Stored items
(* Let $\Sigma$ be a finite alphabet, $m,n$ positive integers with $m\le n$, $u,v\in\Sigma^\star$, and $r\in R_{m,n}(u)\cap R_{m,n}(v)$. Let $i_1,i_2\in[1,|u|]$, $j_1,j_2\in[1,|v|]$ with $\operatorname{ord}(r(u),i_1)\ne\operatorname{ord}(r(v),j_1)$. Then Samson has a winning strategy in the game $\mathrm{FO}^2_{m,n}((u,i_1,i_2),(v,j_1,j_2))$. Moreover, Samson has such a winning strategy whose first move is on $u$ if either $r$ ends with $\triangleright$, $r(u)\le i_1$ and $r(v)\ge j_1$, or $r$ ends with $\triangleleft$, $r(u)\ge i_1$ and $r(v)\le j_1$; and he has such a winning strategy whose first move is on $v$ if either $r$ ends with $\triangleright$, $r(u)\ge i_1$ and $r(v)\le j_1$, or $r$ ends with $\triangleleft$, $r(u)\le i_1$ and $r(v)\ge j_1$.
   Context: Game $\mathrm{FO}^2_{m,n}((u,i_1,i_2),(v,j_1,j_2))$: pebble pair $x$ starts on $i_1$ in $u$ and $j_1$ in $v$, pair $y$ on $i_2$ in $u$ and $j_2$ in $v$. In each of $n$ rounds Samson picks $z\in\{x,y\}$ and places a $z$-pebble on a position of one of the words; Delilah places the mate on a position of the other word. Samson may change the word he plays on at most $m-1$ times. Samson wins if initially or after some round the map $x^u\mapsto x^v$, $y^u\mapsto y^v$ is not a partial isomorphism (pebbled letters differ or $\operatorname{ord}(x^u,y^u)\ne\operatorname{ord}(x^v,y^v)$); otherwise Delilah wins. Boundary positions: $\triangleright_a(w)=\min\{i:w_i=a\}$, $\triangleleft_a(w)=\max\{i:w_i=a\}$, $\triangleright_a(w,q)=\min\{i\in[q+1,|w|]:w_i=a\}$, $\triangleleft_a(w,q)=\max\{i\in[1,q-1]:w_i=a\}$ (undefined if empty); $\triangleright,\triangleleft$ are directions. An $n$-ranker is a sequence $r=(p_1,\dots,p_n)$ of boundary positions with $r(w)=p_1(w)$ if $n=1$, undefined if $(p_1,\dots,p_{n-1})(w)$ is undefined, else $p_n(w,(p_1,\dots,p_{n-1})(w))$; it ends with the direction of $p_n$. An $(m,n)$-ranker is an $n$-ranker whose directions form exactly $m$ maximal blocks of equal direction; $R_{m,n}(w)$ is the set of $(m,n)$-rankers defined over $w$. $\operatorname{ord}(i,j)\in\{<,=,>\}$ is the order type. *)

theory Defs
  imports Main
begin

(* Words are lists over a finite alphabet 'a; positions are 1-based: the letter
   at position i of w is w ! (i - 1), for i in {1..length w}. *)

definition letter :: "'a list \<Rightarrow> nat \<Rightarrow> 'a" where
  "letter w i = w ! (i - 1)"

(* directions: Rt = \<triangleright> (next occurrence to the right), Lt = \<triangleleft> *)
datatype dir = Rt | Lt

type_synonym 'a bpos = "dir \<times> 'a"

definition bpos_first :: "'a bpos \<Rightarrow> 'a list \<Rightarrow> nat option" where
  "bpos_first p w = (case p of
      (Rt, a) \<Rightarrow> (if {i \<in> {1..length w}. letter w i = a} = {} then None
                   else Some (Min {i \<in> {1..length w}. letter w i = a}))
    | (Lt, a) \<Rightarrow> (if {i \<in> {1..length w}. letter w i = a} = {} then None
                   else Some (Max {i \<in> {1..length w}. letter w i = a})))"

definition bpos_step :: "'a bpos \<Rightarrow> 'a list \<Rightarrow> nat \<Rightarrow> nat option" where
  "bpos_step p w q = (case p of
      (Rt, a) \<Rightarrow> (if {i \<in> {q+1..length w}. letter w i = a} = {} then None
                   else Some (Min {i \<in> {q+1..length w}. letter w i = a}))
    | (Lt, a) \<Rightarrow> (if {i \<in> {1..q-1}. letter w i = a} = {} then None
                   else Some (Max {i \<in> {1..q-1}. letter w i = a})))"

fun ranker_from :: "'a bpos list \<Rightarrow> 'a list \<Rightarrow> nat \<Rightarrow> nat option" where
  "ranker_from [] w q = Some q"
| "ranker_from (p # ps) w q =
     (case bpos_step p w q of None \<Rightarrow> None | Some q' \<Rightarrow> ranker_from ps w q')"

fun ranker_eval :: "'a bpos list \<Rightarrow> 'a list \<Rightarrow> nat option" where
  "ranker_eval [] w = None"
| "ranker_eval (p # ps) w =
     (case bpos_first p w of None \<Rightarrow> None | Some q \<Rightarrow> ranker_from ps w q)"

definition num_blocks :: "'a bpos list \<Rightarrow> nat" where
  "num_blocks r = (if r = [] then 0
     else Suc (card {i. Suc i < length r \<and> fst (r ! i) \<noteq> fst (r ! Suc i)}))"

definition is_mn_ranker :: "nat \<Rightarrow> nat \<Rightarrow> 'a bpos list \<Rightarrow> bool" where
  "is_mn_ranker m n r \<longleftrightarrow> length r = n \<and> num_blocks r = m"

definition R_mn :: "nat \<Rightarrow> nat \<Rightarrow> 'a list \<Rightarrow> 'a bpos list set" where
  "R_mn m n w = {r. is_mn_ranker m n r \<and> ranker_eval r w \<noteq> None}"

definition ends_with :: "'a bpos list \<Rightarrow> dir" where
  "ends_with r = fst (last r)"

datatype ordt = OLess | OEq | OGreater

definition ord_type :: "nat \<Rightarrow> nat \<Rightarrow> ordt" where
  "ord_type i j = (if i < j then OLess else if i = j then OEq else OGreater)"

datatype side = SU | SV   (* playing on u / on v *)
datatype pebble = PX | PY

(* configuration (i1, i2, j1, j2): x on i1 in u and j1 in v, y on i2 in u and j2 in v *)
type_synonym config = "nat \<times> nat \<times> nat \<times> nat"

definition piso :: "'a list \<Rightarrow> 'a list \<Rightarrow> config \<Rightarrow> bool" where
  "piso u v c = (case c of (i1, i2, j1, j2) \<Rightarrow>
      letter u i1 = letter v j1 \<and> letter u i2 = letter v j2 \<and>
      ord_type i1 i2 = ord_type j1 j2)"

(* Samson places pebble z on position p of the word given by s; Delilah answers
   with the mate at position q in the other word. *)
definition move :: "side \<Rightarrow> pebble \<Rightarrow> nat \<Rightarrow> nat \<Rightarrow> config \<Rightarrow> config" where
  "move s z p q c = (case c of (i1, i2, j1, j2) \<Rightarrow>
     (case (s, z) of
        (SU, PX) \<Rightarrow> (p, i2, q, j2)
      | (SU, PY) \<Rightarrow> (i1, p, j1, q)
      | (SV, PX) \<Rightarrow> (q, i2, p, j2)
      | (SV, PY) \<Rightarrow> (i1, q, j1, p)))"

definition word_of :: "'a list \<Rightarrow> 'a list \<Rightarrow> side \<Rightarrow> 'a list" where
  "word_of u v s = (case s of SU \<Rightarrow> u | SV \<Rightarrow> v)"

definition other :: "side \<Rightarrow> side" where
  "other s = (case s of SU \<Rightarrow> SV | SV \<Rightarrow> SU)"

(* playing on side s is allowed given the remaining number of word changes sw
   and the side of the previous move (None before the first move) *)
definition can_play :: "nat \<Rightarrow> side option \<Rightarrow> side \<Rightarrow> bool" where
  "can_play sw prev s \<longleftrightarrow> prev = None \<or> prev = Some s \<or> 0 < sw"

» **TASK**
From the entries above, write out only the lines starting at the line that holds "datatype pebble = PX | PY" and ending at the line that holds "SU \<Rightarrow> u", keeping both and matching them exactly.

» **EXPECTED ANSWER**
datatype pebble = PX | PY

(* configuration (i1, i2, j1, j2): x on i1 in u and j1 in v, y on i2 in u and j2 in v *)
type_synonym config = "nat \<times> nat \<times> nat \<times> nat"

definition piso :: "'a list \<Rightarrow> 'a list \<Rightarrow> config \<Rightarrow> bool" where
  "piso u v c = (case c of (i1, i2, j1, j2) \<Rightarrow>
      letter u i1 = letter v j1 \<and> letter u i2 = letter v j2 \<and>
      ord_type i1 i2 = ord_type j1 j2)"

(* Samson places pebble z on position p of the word given by s; Delilah answers
   with the mate at position q in the other word. *)
definition move :: "side \<Rightarrow> pebble \<Rightarrow> nat \<Rightarrow> nat \<Rightarrow> config \<Rightarrow> config" where
  "move s z p q c = (case c of (i1, i2, j1, j2) \<Rightarrow>
     (case (s, z) of
        (SU, PX) \<Rightarrow> (p, i2, q, j2)
      | (SU, PY) \<Rightarrow> (i1, p, j1, q)
      | (SV, PX) \<Rightarrow> (q, i2, p, j2)
      | (SV, PY) \<Rightarrow> (i1, q, j1, p)))"

definition word_of :: "'a list \<Rightarrow> 'a list \<Rightarrow> side \<Rightarrow> 'a list" where
  "word_of u v s = (case s of SU \<Rightarrow> u | SV \<Rightarrow> v)"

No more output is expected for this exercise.